The Limits of the Charter School Solution

It's time the Department of Education learns to leverage engaged parents instead of pitting them against each other in the fight for space.

The Friday night Department of Education on the co-location of Brooklyn East Collegiate Charter School at was a discouraging example of the dysfunction of democratic government in New York City. The P.S. 9 parents and the BECCS parents that ostensibly came to “debate” the co-location are not natural adversaries, and have no particular philosophical differences: they both just want their children to have space in which to learn. But by pitting these groups of parents against each other, the DOE stage managed the appearance of a legitimate public process where none in fact exists. A DOE decision to approve the co-location is a foregone conclusion given the Bloomberg administration’s policy of increasing the number of smaller, specialized schools—especially charter schools. The DOE does not appear to have the capacity or interest to recognize the potential for an expanded P.S. 9 to build upon the success the school has realized over the last several years by engaging local parents and elected officials.

The story of parent advocacy and charter school options in Prospect Heights isn’t a new one. In 1997, a group of parents in Prospect Heights, Fort Greene and Clinton Hill began meeting to discuss options for our young children entering kindergarten and first grade in the coming years. P.S. 9 was struggling at the time, and many of these families were not willing to enroll their children. The group became aware of pending legislation that would authorize charter schools to be formed in New York State. Parents met with the then-superintendent of District 13 to ask for help locating space for an alternative school chartered under the new law. Although understanding, the superintendent made it clear that no space in DOE buildings in District 13 would be made available. Eventually, in 2000, the Community Partnership Charter School opened in leased space in Fort Greene.

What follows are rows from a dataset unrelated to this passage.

(* Let $G=\langle b\rangle\wr\langle a\rangle$ be the restricted wreath product of two infinite cyclic groups $\langle b\rangle\cong\langle a\rangle\cong\mathbb Z$ (so $G\cong\mathbb Z\wr\mathbb Z$). Then the bijection $f\colon\{a^n\mid n\in\mathbb N\}\to\mathbb N$, $a^n\mapsto n$, is an interpretation with parameters of $(\mathbb N,+,\times)$ in the group $(G,\cdot)$.
   Context: The restricted wreath product $\langle b\rangle\wr\langle a\rangle$ is the group $H\rtimes\langle a\rangle$ where $H$ is the free abelian group with basis $(a^{-k}ba^k)_{k\in\mathbb Z}$ and $a$ acts by conjugation shifting the basis. Groups are first-order structures in the language with one binary function symbol. An interpretation with parameters of $M$ in $N$ is a pair $(n,f)$, $f$ a surjection from a subset of $N^n$ onto $M$, such that for every $X\subseteq M^k$ definable in $M$ without parameters, the preimage of $X$ under the coordinatewise map $f^{\underline k}$ is definable in $N$ with parameters (equivalently: domain, kernel of $f$ and preimages of graphs of the basic operations of $M$ are definable with parameters). *)

theory Defs
  imports Main "HOL-Algebra.Group"
begin

text \<open>Elements are pairs (h, n) standing for h * a^n, where h : int => int is a finitely
  supported function giving the exponents of the basis elements e_k = a^(-k) b a^k of H.
  Conjugation a^n e_k a^(-n) = e_(k-n), hence
  (h, n) * (h', m) = (\<lambda>j. h j + h' (j + n), n + m).\<close>

definition wr_ZZ :: "((int \<Rightarrow> int) \<times> int) monoid" where
  "wr_ZZ = \<lparr> carrier = {(h, n). finite {j. h j \<noteq> 0}},
             mult = (\<lambda>(h, n) (h', m). (\<lambda>j. h j + h' (j + n), n + m)),
             one = (\<lambda>_. 0, 0) \<rparr>"

definition wr_a :: "(int \<Rightarrow> int) \<times> int" where
  "wr_a = (\<lambda>_. 0, 1)"

definition wr_b :: "(int \<Rightarrow> int) \<times> int" where
  "wr_b = (\<lambda>j. if j = 0 then 1 else 0, 0)"

datatype gterm = GVar nat | GMul gterm gterm

datatype gform = GEq gterm gterm | GNeg gform | GConj gform gform | GEx nat gform

fun geval :: "('a \<Rightarrow> 'a \<Rightarrow> 'a) \<Rightarrow> (nat \<Rightarrow> 'a) \<Rightarrow> gterm \<Rightarrow> 'a" where
  "geval m e (GVar i) = e i"
| "geval m e (GMul s t) = m (geval m e s) (geval m e t)"

fun gsat :: "'a set \<Rightarrow> ('a \<Rightarrow> 'a \<Rightarrow> 'a) \<Rightarrow> (nat \<Rightarrow> 'a) \<Rightarrow> gform \<Rightarrow> bool" where
  "gsat U m e (GEq s t) = (geval m e s = geval m e t)"
| "gsat U m e (GNeg \<phi>) = (\<not> gsat U m e \<phi>)"
| "gsat U m e (GConj \<phi> \<psi>) = (gsat U m e \<phi> \<and> gsat U m e \<psi>)"
| "gsat U m e (GEx i \<phi>) = (\<exists>x\<in>U. gsat U m (e(i := x)) \<phi>)"

definition group_definable_params :: "'a set \<Rightarrow> ('a \<Rightarrow> 'a \<Rightarrow> 'a) \<Rightarrow> nat \<Rightarrow> 'a list set \<Rightarrow> bool" where
  "group_definable_params U m k X \<longleftrightarrow>
     (\<exists>\<phi> (p :: nat \<Rightarrow> 'a). range p \<subseteq> U \<and>
        X = {xs. length xs = k \<and> set xs \<subseteq> U \<and> gsat U m (\<lambda>i. if i < k then xs ! i else p i) \<phi>})"

datatype aterm = AVar nat | APlus aterm aterm | ATimes aterm aterm

datatype aform = AEq aterm aterm | ANeg aform | AConj aform aform | AEx nat aform

fun aeval :: "(nat \<Rightarrow> nat) \<Rightarrow> aterm \<Rightarrow> nat" where
  "aeval e (AVar i) = e i"
| "aeval e (APlus s t) = aeval e s + aeval e t"
| "aeval e (ATimes s t) = aeval e s * aeval e t"

fun asat :: "(nat \<Rightarrow> nat) \<Rightarrow> aform \<Rightarrow> bool" where
  "asat e (AEq s t) = (aeval e s = aeval e t)"
| "asat e (ANeg \<phi>) = (\<not> asat e \<phi>)"
| "asat e (AConj \<phi> \<psi>) = (asat e \<phi> \<and> asat e \<psi>)"
| "asat e (AEx i \<phi>) = (\<exists>x. asat (e(i := x)) \<phi>)"

fun avars_t :: "aterm \<Rightarrow> nat set" where
  "avars_t (AVar i) = {i}"
| "avars_t (APlus s t) = avars_t s \<union> avars_t t"
| "avars_t (ATimes s t) = avars_t s \<union> avars_t t"

fun afree :: "aform \<Rightarrow> nat set" where
  "afree (AEq s t) = avars_t s \<union> avars_t t"
| "afree (ANeg \<phi>) = afree \<phi>"
| "afree (AConj \<phi> \<psi>) = afree \<phi> \<union> afree \<psi>"
| "afree (AEx i \<phi>) = afree \<phi> - {i}"

definition arith_definable :: "nat \<Rightarrow> nat list set \<Rightarrow> bool" where
  "arith_definable k X \<longleftrightarrow>
     (\<exists>\<phi>. afree \<phi> \<subseteq> {..<k} \<and>
        X = {xs. length xs = k \<and> asat (\<lambda>i. if i < k then xs ! i else 0) \<phi>})"
lemma lifted_cycle_two_hub_cycle:
  assumes c: "U dvd c" and a: "a < p" and w: "w < p"
  shows "lifted_cycle c (two_hub_cycle c a w)"
proof -
  define X where "X = [c + a..<c + p + 1]"
  define Y where "Y = rev [c + p + 2..<c + p + 3 + w]"
  have "successively (\<lambda>x y. adj y x) [s..<t]" for s t
    by (rule successively_upt) (simp add: adj_commute adj_Suc)
  then have Y: "Y \<noteq> []" "hd Y = c + p + 2 + w" "last Y = c + p + 2" "successively adj Y"
    unfolding Y_def by (simp_all add: hd_rev last_rev del: upt_Suc)
  have X: "X \<noteq> []" "hd X = c + a" "last X = c + p" "successively adj X"
    using a successively_adj_upt unfolding X_def by (auto simp del: upt_Suc)
  have "adj (c + p) (c + p + 2 + w)"
    using adj_upper_hub[OF c, of "w + 2"] w by (simp add: add.assoc)
  moreover have "adj (c + p + 1) (c + a)" using adj_lower_hub[OF c, of a] a by simp
  ultimately have "successively adj ((c + p + 1) # X @ Y)"
    using X Y by (simp add: successively_append_iff successively_Cons)
  moreover have "adj_wrap (c + p + 2) (c + p + 1)"
    unfolding adj_wrap_def using adj_Suc[of "c + p + 1"] by (simp add: adj_commute)
  moreover have "c + p + 3 + w \<le> c + n" using three_U_le_n U_eq w by simp
  ultimately show ?thesis
    unfolding lifted_cycle_def two_hub_cycle_def X_def[symmetric] Y_def[symmetric] using X Y a
    by (auto simp: X_def Y_def)
qed

lemma lifted_pancyclic_ring_lower:
  assumes c: "U dvd c" and x: "x < p"
  shows "lifted_pancyclic c (c + x) (c + x + 1)"
proof (rule lifted_pancyclic_via_block_paths[OF c _ _ _
      lifted_path_upper_jump_path[OF c order_refl]])
  have sub: "sublist [c + x, c + x + 1] ([] @ [c..<c + p + 1] @ ss)" for ss
    using x by (intro sublist_upt) simp_all
  show "lifted_path c U (upper_jump_path c 0)" using lifted_path_upper_jump_path[OF c] by simp
  show "sublist [c + x, c + x + 1] (upper_jump_path c 0)
      \<or> sublist [c + x + 1, c + x] (upper_jump_path c 0)"
    using sub[of "[]"] unfolding upper_jump_path_def by simp
  show "length (upper_jump_path c p) = U" using length_upper_jump_path[of p c] U_eq by simp
  show "sublist [c + x, c + x + 1] (upper_jump_path c p)
      \<or> sublist [c + x + 1, c + x] (upper_jump_path c p)"
    using sub unfolding upper_jump_path_def by simp
  fix m assume m: "3 \<le> m" "m < length (upper_jump_path c 0) + p"
  show "\<exists>cy. lifted_cycle c cy \<and> length cy = m \<and> {c + x, c + x + 1} \<in> cycle_edges cy"
  proof (cases "m \<le> p + 2")
    case True
    define a where "a = min x (p + 2 - m)"
    have ab: "a < a + m - 2" "a + m - 2 \<le> p" using m True unfolding a_def by auto
    have "sublist [c + x, c + x + 1] ([c + p + 1] @ [c + a..<c + (a + m - 2) + 1] @ [])"
      using m(1) True x unfolding a_def by (intro sublist_upt) auto
    then have "{c + x, c + x + 1} \<in> cycle_edges (fan_cycle c a (a + m - 2))"
      unfolding fan_cycle_def by (intro sublist_imp_cycle_edge) simp
    then show ?thesis
      using lifted_cycle_fan_cycle[OF c ab] length_fan_cycle[OF ab(1)] m(1) by auto
  next
    case False
    have w: "m - p - 3 < p" using m length_upper_jump_path[of 0 c] by simp
    have "sublist [c + x, c + x + 1] ([c + p + 1] @ [c..<c + p + 1]
        @ rev [c + p + 2..<c + p + 3 + (m - p - 3)])"
      using x by (intro sublist_upt) auto
    then have "{c + x, c + x + 1} \<in> cycle_edges (two_hub_cycle c 0 (m - p - 3))"
      unfolding two_hub_cycle_def by (intro sublist_imp_cycle_edge) simp
    then show ?thesis
      using lifted_cycle_two_hub_cycle[OF c _ w] length_two_hub_cycle[of 0 c] p_ge False
      by (intro exI[of _ "two_hub_cycle c 0 (m - p - 3)"]) auto
  qed
qed

lemma lifted_pancyclic_ring_middle:
  assumes c: "U dvd c"
  shows "lifted_pancyclic c (c + p + 1) (c + p)"
proof (rule lifted_pancyclic_via_block_paths[OF c _ lifted_path_block_path[OF c, of 1 p 0] _
      lifted_path_block_path[OF c, of p p "p - 1"]])
  have "block_path c 1 p 0 = [c] @ [c + p + 1, c + p] @ []" unfolding block_path_def by simp
  then show "sublist [c + p + 1, c + p] (block_path c 1 p 0)
      \<or> sublist [c + p, c + p + 1] (block_path c 1 p 0)"
    by (metis sublist_appendI)
  show "sublist [c + p + 1, c + p] (block_path c p p (p - 1))
      \<or> sublist [c + p, c + p + 1] (block_path c p p (p - 1))"
    unfolding block_path_def by (simp add: sublist_def) blast
  show "length (block_path c p p (p - 1)) = U"
    using length_block_path[of p "p - 1" c p] p_ge U_eq by simp
  fix m assume m: "3 \<le> m" "m < length (block_path c 1 p 0) + p"
  then have ab: "p + 2 - m < p" "p \<le> p" and len: "length (fan_cycle c (p + 2 - m) p) = m"
    using length_block_path[of p 0 c 1] length_fan_cycle[of "p + 2 - m" p c] p_ge by auto
  have "{last (fan_cycle c (p + 2 - m) p), hd (fan_cycle c (p + 2 - m) p)}
      \<in> cycle_edges (fan_cycle c (p + 2 - m) p)"
    by (rule last_hd_in_cycle_edges) (simp add: fan_cycle_def)
  then have "{c + p + 1, c + p} \<in> cycle_edges (fan_cycle c (p + 2 - m) p)"
    unfolding fan_cycle_def using ab by (simp add: insert_commute)
  then show "\<exists>cy. lifted_cycle c cy \<and> length cy = m \<and> {c + p + 1, c + p} \<in> cycle_edges cy"
    using lifted_cycle_fan_cycle[OF c ab] len by blast
qed (use p_ge in auto)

Although the opening of the school was a great triumph for the parents who helped to organize it, the CPCS experience was ultimately bittersweet for many of us. The years the founding families spent finding sponsorship, space, and faculty, and developing a vision for the new school, did not translate into an advantage in its placement lottery. Many of children of these families did not win seats. Unable to find other options for their children, some of the families left Brooklyn. In our case, the amount of time required to launch the school meant that our son was too old to apply for a seat by the time of the first lottery.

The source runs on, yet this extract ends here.